Across the region, donor fatigue and decreased host country support have left millions of refugees on the edge of survival, even pushing some to return to Syria.
Lebanon has the most privatized and costly health care system among refugee-hosting countries in the region, according to the U.N. refugee agency.
There, 70 percent of Syrian refugees live in poverty. The U.N. refugee agency spent $51 million on 84,000 life-saving cases for Syrian refugees in Lebanon last year, yet could not cover most cancer cases with poor prognoses, chemotherapy, radiotherapy, or dialysis.
“There are very few NGOs that are able to provide support for some of these cases and we know that people have taken difficult decisions to return to Syria to access dialysis or cancer care,” said Dr. Michael Woodman, senior public health officer in the UNHCR’s Beirut office.
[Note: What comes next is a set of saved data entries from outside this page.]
(* For any $n\ge 1$, the Hochschild lattice $(\mathsf{Tr}(n),\preccurlyeq)$ is extremal.
   Context: A triword of size $n$ is a word $u=u_1\cdots u_n$ with $u_i\in\{0,1,2\}$, $u_1\ne 2$, and such that $u_i=0$ implies $u_j\neq 1$ for all $j>i$; $\mathsf{Tr}(n)$ is their set, ordered componentwise ($u\preccurlyeq v$ iff $u_i\le v_i$ for all $i$); it is a lattice. An element of a finite lattice is join-irreducible (resp. meet-irreducible) if it covers (resp. is covered by) exactly one element. A finite lattice is extremal if the length $k$ of a longest saturated chain from its minimum to its maximum equals both the number of join-irreducible elements and the number of meet-irreducible elements. *)

theory Defs
  imports Main
begin

definition triword :: "nat \<Rightarrow> nat list \<Rightarrow> bool" where
  "triword n u \<longleftrightarrow> length u = n \<and> (\<forall>i<n. u ! i \<in> {0,1,2}) \<and>
     (n \<ge> 1 \<longrightarrow> u ! 0 \<noteq> 2) \<and>
     (\<forall>i<n. \<forall>j<n. i < j \<longrightarrow> u ! i = 0 \<longrightarrow> u ! j \<noteq> 1)"

definition Tr :: "nat \<Rightarrow> nat list set" where
  "Tr n = {u. triword n u}"

definition tr_le :: "nat list \<Rightarrow> nat list \<Rightarrow> bool" where
  "tr_le u v \<longleftrightarrow> length u = length v \<and> (\<forall>i<length u. u ! i \<le> v ! i)"

definition covers :: "'a set \<Rightarrow> ('a \<Rightarrow> 'a \<Rightarrow> bool) \<Rightarrow> 'a \<Rightarrow> 'a \<Rightarrow> bool" where
  "covers L le y x \<longleftrightarrow> x \<in> L \<and> y \<in> L \<and> le x y \<and> x \<noteq> y \<and>
     \<not> (\<exists>z\<in>L. le x z \<and> le z y \<and> z \<noteq> x \<and> z \<noteq> y)"

definition join_irreducible :: "'a set \<Rightarrow> ('a \<Rightarrow> 'a \<Rightarrow> bool) \<Rightarrow> 'a \<Rightarrow> bool" where
  "join_irreducible L le x \<longleftrightarrow> x \<in> L \<and> card {y\<in>L. covers L le x y} = 1"

definition meet_irreducible :: "'a set \<Rightarrow> ('a \<Rightarrow> 'a \<Rightarrow> bool) \<Rightarrow> 'a \<Rightarrow> bool" where
  "meet_irreducible L le x \<longleftrightarrow> x \<in> L \<and> card {y\<in>L. covers L le y x} = 1"

text \<open>A saturated chain from the minimum to the maximum of L, as the list of its
  elements x_0 < x_1 < ... < x_k (its length is k = length xs - 1).\<close>
definition max_sat_chain :: "'a set \<Rightarrow> ('a \<Rightarrow> 'a \<Rightarrow> bool) \<Rightarrow> 'a list \<Rightarrow> bool" where
  "max_sat_chain L le xs \<longleftrightarrow> xs \<noteq> [] \<and> set xs \<subseteq> L \<and>
     (\<forall>y\<in>L. le (hd xs) y) \<and> (\<forall>y\<in>L. le y (last xs)) \<and>
     (\<forall>i. Suc i < length xs \<longrightarrow> covers L le (xs ! Suc i) (xs ! i))"

definition extremal :: "'a set \<Rightarrow> ('a \<Rightarrow> 'a \<Rightarrow> bool) \<Rightarrow> bool" where
  "extremal L le \<longleftrightarrow> (\<exists>k.
     (\<exists>xs. max_sat_chain L le xs \<and> length xs = Suc k) \<and>
     (\<forall>xs. max_sat_chain L le xs \<longrightarrow> length xs \<le> Suc k) \<and>
     card {x\<in>L. join_irreducible L le x} = k \<and>
     card {x\<in>L. meet_irreducible L le x} = k)"

end

(*
  A cover u < v in Tr(n) changes a single letter, and at each position a triword has at most
  one lower and at most one upper cover. So the lower covers of x correspond to its letters 2
  together with its last letter 1 (the only 1 that may drop to 0), and the upper covers to its
  letters 0 together with its letters 1 outside the first position. Exactly one lower cover
  forces x = 1^k 0^(n-k) (1 <= k <= n) or x = 0..020..0 (the 2 not in front); exactly one upper
  cover forces x to be the top word 1 2^(n-1) with one letter lowered. Both families have
  2n - 1 members. The letter sum strictly increases along covers and is at most 2n - 1, the sum
  of the top word, and the chain 0^n < 10^(n-1) < ... < 1^n < 1^(n-1)2 < ... < 12^(n-1) has
  exactly 2n - 1 cover steps.
*)
theory Submission
  imports Defs
begin

lemma nth_eq_imp_list_update_eq:
  assumes "length u = length v" and "\<forall>j<length v. j \<noteq> i \<longrightarrow> u ! j = v ! j"
  shows "u = v[i := u ! i]"
  using assms by (intro nth_equalityI) (simp_all, metis nth_list_update_eq nth_list_update_neq)

lemma list_update_eq_list_update_iff:
  assumes "i < length xs" "a \<noteq> xs ! i" "j < length xs" "b \<noteq> xs ! j"
  shows "xs[i := a] = xs[j := b] \<longleftrightarrow> i = j \<and> a = b"
  using assms by (metis nth_list_update_eq nth_list_update_neq)

lemma inj_on_list_update: "inj_on (\<lambda>i. xs[i := f i]) {i. i < length xs \<and> f i \<noteq> xs ! i}"
  by (rule inj_onI) (simp add: list_update_eq_list_update_iff)

lemma obtain_last_index:
  fixes n :: nat
  assumes "j < n" "P j"
  obtains i where "i < n" "P i" "\<forall>k<n. i < k \<longrightarrow> \<not> P k"
proof -
  obtain i where "i < n \<and> P i" and greatest: "\<forall>k. k < n \<and> P k \<longrightarrow> k \<le> i"
    using ex_has_greatest_nat[of "\<lambda>k. k < n \<and> P k" j "\<lambda>k. k" n] assms by auto
  then show ?thesis
    using that by (meson leD)
qed

lemma card_Sigma_lessThan_nth: "card (SIGMA i:{..<length xs}. {..<xs ! i}) = sum_list xs"
  by (simp add: sum_list_sum_nth atLeast0LessThan)

lemma max_sat_chain_length_le:
  fixes f :: "'a \<Rightarrow> nat"
  assumes chain: "max_sat_chain L le xs"
    and mono: "\<And>x y. covers L le y x \<Longrightarrow> f x < f y"
    and bound: "\<And>x. x \<in> L \<Longrightarrow> f x \<le> m"
  shows "length xs \<le> Suc m"
proof -
  have "i \<le> f (xs ! i)" if "i < length xs" for i
    using that
  proof (induction i)
    case (Suc i)
    then have "covers L le (xs ! Suc i) (xs ! i)"
      using chain by (simp add: max_sat_chain_def)
    with Suc show ?case
      using mono by fastforce
  qed simp
  moreover have "length xs - 1 < length xs" "xs ! (length xs - 1) \<in> L"
    using chain nth_mem[of "length xs - 1" xs] by (auto simp: max_sat_chain_def)
  ultimately have "length xs - 1 \<le> m"
    using bound order_trans by blast
  then show ?thesis
    by simp
qed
Bambino Gesu got involved at the request of Pope Frances, said Dr. Fiore S. Iorio, the hospital’s director of the department of pediatric cardiology and cardiac surgery, who operated on Eman.
Iorio said he and his colleagues were also compelled by a “moral obligation to help these unfortunate children,” either through surgery or by training Jordanian colleagues who will continue the work in the future.
After Eman’s surgery, her parents watched her breathe, her chest covered with bandages and wires, rising and failing in rhythm with the beeping monitor.
Doctors told them she would likely need another, more complicated surgery in two to five years.
“I don’t know where we will get the money then,” al-Matoura said. “But thank God for healing her today.”